[Zope3-dev] Axe DTML Document

Martijn Faassen faassen@vet.uu.nl
Wed, 19 Dec 2001 04:30:20 +0100


Casey Duncan wrote:
[snip]
> To me this brings me back to what is a file and what is a document and should 
> we draw that distinction at the metatype level as we currently do, and create 
> a different metatype for every conceivable format?
> 
> This is a convenient at first, but highly unscalable solution. So the 
> suggestion is that we have 1 or 2 content objects. If we have two, they would 
> be:
> 
> 1. Binary files
> 2. Textual Files that can be edited directly "in place"

Well, I'm currently developing a document type that uses ParsedXML
as its content object, and they're XML trees inside the ZODB, so that
doesn't fit either 1 or 2.

So we have content objects for documents, and on top of that we have
document objects that adapt the content objects to a set of document
interfaces. They may also support a few interfaces of their own,
specific to what type of document they are. Types of content objects
I can distinguish useful for documents are binary files, plaintext storage, and 
DOM tree storage, though I imagine more would arise in the future.

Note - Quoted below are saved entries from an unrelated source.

(* Let $\mathcal{V}$ be a finite set and let $p_{\theta^{(t)}}, p_{\mathrm{sft}}$ be probability distributions on $\mathcal{V}$ with full support. Let $\alpha\in[0,1)$ and define \[ q^{(t)}_y = \frac{p_{\theta^{(t)}}(y)^{1-\alpha}\,p_{\mathrm{sft}}(y)^{\alpha}}{Z}, \qquad Z=\sum_{y'\in\mathcal{V}} p_{\theta^{(t)}}(y')^{1-\alpha}\,p_{\mathrm{sft}}(y')^{\alpha}. \] Then \[ \mathrm{KL}\big(q^{(t)}\,\|\,p_{\theta^{(t)}}\big) \le \frac{\alpha}{1-\alpha}\,\mathrm{KL}\big(p_{\theta^{(t)}}\,\|\,p_{\mathrm{sft}}\big). \]
   Context: $\mathrm{KL}(u\|v)=\sum_{i} u_i\log(u_i/v_i)$ is the Kullback--Leibler divergence. $q^{(t)}$ is the anchor obtained by linear interpolation of logits followed by softmax (a renormalized geometric mean of the two distributions). In the paper these are conditional output distributions for a fixed input $x$, with full support since they are softmax outputs. *)

theory Defs
  imports "HOL-Analysis.Analysis"
begin

definition KL :: "'a set \<Rightarrow> ('a \<Rightarrow> real) \<Rightarrow> ('a \<Rightarrow> real) \<Rightarrow> real" where
  "KL V u v = (\<Sum>i\<in>V. u i * ln (u i / v i))"

definition full_support_dist :: "'a set \<Rightarrow> ('a \<Rightarrow> real) \<Rightarrow> bool" where
  "full_support_dist V p \<longleftrightarrow> (\<forall>y\<in>V. p y > 0) \<and> (\<Sum>y\<in>V. p y) = 1"

definition anchor :: "'a set \<Rightarrow> real \<Rightarrow> ('a \<Rightarrow> real) \<Rightarrow> ('a \<Rightarrow> real) \<Rightarrow> ('a \<Rightarrow> real)" where
  "anchor V \<alpha> p s = (\<lambda>y. p y powr (1 - \<alpha>) * s y powr \<alpha> /
      (\<Sum>y'\<in>V. p y' powr (1 - \<alpha>) * s y' powr \<alpha>))"

end

theory Submission
  imports Defs
begin

text \<open>With \<open>Z = \<Sum>y. p y powr (1 - \<alpha>) * s y powr \<alpha>\<close> and \<open>q\<close> the anchor, \<open>ln (r/q)\<close> is an affine
  combination of \<open>ln (r/p)\<close> and \<open>ln (r/s)\<close> up to the constant \<open>ln Z\<close>; averaging against any
  distribution \<open>r\<close> gives \<open>(1 - \<alpha>) KL(r\<parallel>p) + \<alpha> KL(r\<parallel>s) = KL(r\<parallel>q) - ln Z\<close>.
  Taking \<open>r = q\<close> and Gibbs' inequality for \<open>KL(q\<parallel>s)\<close> bounds \<open>(1 - \<alpha>) KL(q\<parallel>p)\<close> by \<open>-ln Z\<close>;
  taking \<open>r = p\<close> and Gibbs' inequality for \<open>KL(p\<parallel>q)\<close> bounds \<open>-ln Z\<close> by \<open>\<alpha> KL(p\<parallel>s)\<close>.\<close>

lemma KL_self [simp]: "KL V u u = 0"
  by (auto simp: KL_def intro: sum.neutral)

lemma KL_nonneg:
  fixes u v :: "'a \<Rightarrow> real"
  assumes "finite V" and u_pos: "\<forall>y\<in>V. u y > 0" and v_pos: "\<forall>y\<in>V. v y > 0"
    and mass: "(\<Sum>y\<in>V. v y) \<le> (\<Sum>y\<in>V. u y)"
  shows "0 \<le> KL V u v"
proof -
  have "- KL V u v = (\<Sum>y\<in>V. u y * ln (v y / u y))"
    unfolding KL_def sum_negf[symmetric]
    by (rule sum.cong) (use u_pos v_pos in \<open>auto simp: ln_div algebra_simps\<close>)
  also have "\<dots> \<le> (\<Sum>y\<in>V. u y * (v y / u y - 1))"
    by (rule sum_mono) (use u_pos v_pos in \<open>auto intro: mult_left_mono ln_le_minus_one\<close>)
  also have "\<dots> = (\<Sum>y\<in>V. v y) - (\<Sum>y\<in>V. u y)"
    unfolding sum_subtractf[symmetric]
    by (rule sum.cong) (use u_pos in \<open>auto simp: field_simps\<close>)
  finally show ?thesis
    using mass by linarith
qed

lemma geometric_weight_sum_pos:
  fixes p s :: "'a \<Rightarrow> real" and \<alpha> :: real
  assumes "finite V" and "V \<noteq> {}" and "\<forall>y\<in>V. p y > 0" and "\<forall>y\<in>V. s y > 0"
  shows "(\<Sum>y\<in>V. p y powr (1 - \<alpha>) * s y powr \<alpha>) > 0"
  using assms by (intro sum_pos) (auto intro!: mult_pos_pos)

lemma anchor_full_support_dist:
  fixes p s :: "'a \<Rightarrow> real" and \<alpha> :: real
  assumes "finite V" and "V \<noteq> {}" and "\<forall>y\<in>V. p y > 0" and "\<forall>y\<in>V. s y > 0"
  shows "full_support_dist V (anchor V \<alpha> p s)"
  using geometric_weight_sum_pos[OF assms, of \<alpha>] assms(3,4)
  by (auto simp: full_support_dist_def anchor_def sum_divide_distrib[symmetric]
      intro!: divide_pos_pos mult_pos_pos)

lemma KL_geometric_mixture:
  fixes p s r :: "'a \<Rightarrow> real" and \<alpha> :: real
  assumes "finite V" and p_pos: "\<forall>y\<in>V. p y > 0" and s_pos: "\<forall>y\<in>V. s y > 0"
    and r: "full_support_dist V r"
  shows "(1 - \<alpha>) * KL V r p + \<alpha> * KL V r s
    = KL V r (anchor V \<alpha> p s) - ln (\<Sum>y\<in>V. p y powr (1 - \<alpha>) * s y powr \<alpha>)"
proof -
  define Z where "Z = (\<Sum>y\<in>V. p y powr (1 - \<alpha>) * s y powr \<alpha>)"
  have r_pos: "\<forall>y\<in>V. r y > 0" and r_sum: "(\<Sum>y\<in>V. r y) = 1"
    using r by (auto simp: full_support_dist_def)
  then have "V \<noteq> {}" by auto
  then have Z_pos: "Z > 0"
    unfolding Z_def using assms(1) p_pos s_pos by (intro geometric_weight_sum_pos)
  have pointwise: "(1 - \<alpha>) * ln (r y / p y) + \<alpha> * ln (r y / s y)
      = ln (r y / anchor V \<alpha> p s y) - ln Z" if "y \<in> V" for y
  proof -
    have "p y > 0" "s y > 0" "r y > 0"
      using that p_pos s_pos r_pos by auto
    moreover from this have "ln (anchor V \<alpha> p s y) = (1 - \<alpha>) * ln (p y) + \<alpha> * ln (s y) - ln Z"
      using Z_pos by (simp add: anchor_def Z_def[symmetric] ln_div ln_mult ln_powr)
    moreover have "anchor V \<alpha> p s y > 0"
      using anchor_full_support_dist[OF assms(1) \<open>V \<noteq> {}\<close> p_pos s_pos] that
      by (auto simp: full_support_dist_def)
    ultimately show ?thesis
      by (simp add: ln_div algebra_simps)
  qed
  have "(1 - \<alpha>) * KL V r p + \<alpha> * KL V r s
      = (\<Sum>y\<in>V. r y * ((1 - \<alpha>) * ln (r y / p y) + \<alpha> * ln (r y / s y)))"
    by (simp add: KL_def sum_distrib_left sum.distrib[symmetric] algebra_simps)
  also have "\<dots> = (\<Sum>y\<in>V. r y * ln (r y / anchor V \<alpha> p s y) - ln Z * r y)"
    by (rule sum.cong) (simp_all add: pointwise right_diff_distrib mult.commute)
  also have "\<dots> = KL V r (anchor V \<alpha> p s) - ln Z"
    by (simp add: KL_def sum_subtractf sum_distrib_left[symmetric] r_sum)
  finally show ?thesis
    unfolding Z_def .
qed

theorem lemma5p3:
  fixes V :: "'a set" and p s :: "'a \<Rightarrow> real" and \<alpha> :: real
  assumes "finite V"
    and "full_support_dist V p" and "full_support_dist V s"
    and "0 \<le> \<alpha>" and "\<alpha> < 1"
  shows "KL V (anchor V \<alpha> p s) p \<le> \<alpha> / (1 - \<alpha>) * KL V p s"
proof -
  define q where "q = anchor V \<alpha> p s"
  define Z where "Z = (\<Sum>y\<in>V. p y powr (1 - \<alpha>) * s y powr \<alpha>)"
  have p_pos: "\<forall>y\<in>V. p y > 0" and p_sum: "(\<Sum>y\<in>V. p y) = 1"
    and s_pos: "\<forall>y\<in>V. s y > 0" and s_sum: "(\<Sum>y\<in>V. s y) = 1"
    using assms(2,3) by (auto simp: full_support_dist_def)
  have q: "full_support_dist V q"
    unfolding q_def using assms(1) p_sum p_pos s_pos
    by (intro anchor_full_support_dist) auto
  have q_pos: "\<forall>y\<in>V. q y > 0" and q_sum: "(\<Sum>y\<in>V. q y) = 1"
    using q by (auto simp: full_support_dist_def)
  have "(1 - \<alpha>) * KL V q p + \<alpha> * KL V q s = - ln Z"
    using KL_geometric_mixture[OF assms(1) p_pos s_pos q] by (simp add: q_def Z_def)
  moreover have "\<alpha> * KL V p s = KL V p q - ln Z"
    using KL_geometric_mixture[OF assms(1) p_pos s_pos assms(2)] by (simp add: q_def Z_def)
  moreover have "0 \<le> KL V q s"
    using KL_nonneg[OF assms(1) q_pos s_pos] q_sum s_sum by simp
  moreover have "0 \<le> KL V p q"
    using KL_nonneg[OF assms(1) p_pos q_pos] p_sum q_sum by simp
  ultimately have "(1 - \<alpha>) * KL V q p \<le> \<alpha> * KL V p s"
    using assms(4) by (smt (verit) mult_nonneg_nonneg)
  then show ?thesis
    using assms(5) by (simp add: q_def pos_le_divide_eq mult.commute)
qed

end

> Now since, #2 is a subset of #1, is that a useful distinction? Zope 2.5 has 
> blurred the line here by making textual file editable through the web. So 
> perhaps we need only have files?

I think that's going slightly too far; 'textual content' carries with it
the assumption that it is human viewable/editable, while 'binary file'
does not. That's not to say they couldn't share some interfaces, though.
They may in fact be quite similar.

> A distinction that was pointed out is that Documents have different views, 
> and can be in some cases treated like a DOM tree and manipulated as such. 
> But, I think you could argue the same for certain binary types there.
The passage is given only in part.